_Exercise aim_
Please filter the entries for the word "assumes" and copy every line that has it.

_Available data_
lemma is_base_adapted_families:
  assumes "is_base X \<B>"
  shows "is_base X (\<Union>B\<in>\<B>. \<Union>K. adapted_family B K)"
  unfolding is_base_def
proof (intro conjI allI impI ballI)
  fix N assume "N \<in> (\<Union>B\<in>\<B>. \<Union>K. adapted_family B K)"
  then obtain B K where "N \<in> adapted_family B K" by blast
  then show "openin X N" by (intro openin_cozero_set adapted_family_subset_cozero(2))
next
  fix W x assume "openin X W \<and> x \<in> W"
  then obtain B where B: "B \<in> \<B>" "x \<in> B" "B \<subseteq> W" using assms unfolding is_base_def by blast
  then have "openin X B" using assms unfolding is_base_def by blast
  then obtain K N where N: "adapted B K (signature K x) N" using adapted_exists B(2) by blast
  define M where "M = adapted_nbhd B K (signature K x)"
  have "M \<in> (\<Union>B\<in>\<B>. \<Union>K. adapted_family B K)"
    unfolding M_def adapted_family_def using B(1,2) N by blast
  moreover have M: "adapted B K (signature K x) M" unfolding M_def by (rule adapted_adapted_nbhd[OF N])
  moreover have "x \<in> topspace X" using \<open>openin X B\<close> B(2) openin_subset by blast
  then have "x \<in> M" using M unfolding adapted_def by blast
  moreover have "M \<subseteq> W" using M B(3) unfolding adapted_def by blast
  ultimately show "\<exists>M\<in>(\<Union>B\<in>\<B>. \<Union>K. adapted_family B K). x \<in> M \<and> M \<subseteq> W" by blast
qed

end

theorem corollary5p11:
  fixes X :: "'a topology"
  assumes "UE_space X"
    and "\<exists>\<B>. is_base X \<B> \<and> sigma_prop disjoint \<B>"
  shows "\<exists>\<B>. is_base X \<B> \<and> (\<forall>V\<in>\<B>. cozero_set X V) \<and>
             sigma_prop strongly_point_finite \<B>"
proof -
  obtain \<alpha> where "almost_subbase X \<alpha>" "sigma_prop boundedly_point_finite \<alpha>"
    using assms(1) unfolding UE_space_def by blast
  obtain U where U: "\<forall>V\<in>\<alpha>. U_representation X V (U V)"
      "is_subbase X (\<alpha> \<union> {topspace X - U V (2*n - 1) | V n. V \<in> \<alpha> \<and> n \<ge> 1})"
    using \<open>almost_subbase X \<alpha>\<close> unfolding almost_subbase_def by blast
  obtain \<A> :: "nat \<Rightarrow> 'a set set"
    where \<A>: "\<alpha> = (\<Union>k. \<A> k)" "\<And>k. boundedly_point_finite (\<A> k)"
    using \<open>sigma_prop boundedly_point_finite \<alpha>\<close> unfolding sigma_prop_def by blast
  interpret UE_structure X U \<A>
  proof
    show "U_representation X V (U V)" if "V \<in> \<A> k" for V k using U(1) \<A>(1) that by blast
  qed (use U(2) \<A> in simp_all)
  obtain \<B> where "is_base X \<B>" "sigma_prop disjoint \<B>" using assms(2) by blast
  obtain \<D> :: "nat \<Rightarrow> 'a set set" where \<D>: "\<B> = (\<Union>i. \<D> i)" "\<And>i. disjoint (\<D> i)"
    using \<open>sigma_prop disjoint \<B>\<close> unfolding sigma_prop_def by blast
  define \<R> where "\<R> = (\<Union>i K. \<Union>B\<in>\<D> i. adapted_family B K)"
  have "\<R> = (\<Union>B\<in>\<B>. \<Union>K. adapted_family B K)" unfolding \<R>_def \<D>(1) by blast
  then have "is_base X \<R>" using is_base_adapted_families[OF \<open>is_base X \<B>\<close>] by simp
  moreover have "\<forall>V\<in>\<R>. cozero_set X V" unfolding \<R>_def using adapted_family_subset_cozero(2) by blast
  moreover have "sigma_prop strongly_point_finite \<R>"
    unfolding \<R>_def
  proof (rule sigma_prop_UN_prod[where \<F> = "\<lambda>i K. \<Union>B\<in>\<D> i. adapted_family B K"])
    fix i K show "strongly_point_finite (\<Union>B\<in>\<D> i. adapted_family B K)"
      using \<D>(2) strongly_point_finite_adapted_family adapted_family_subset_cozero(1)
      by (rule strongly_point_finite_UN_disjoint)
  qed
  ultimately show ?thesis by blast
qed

_Result below_
  assumes "is_base X \<B>"
  assumes "UE_space X"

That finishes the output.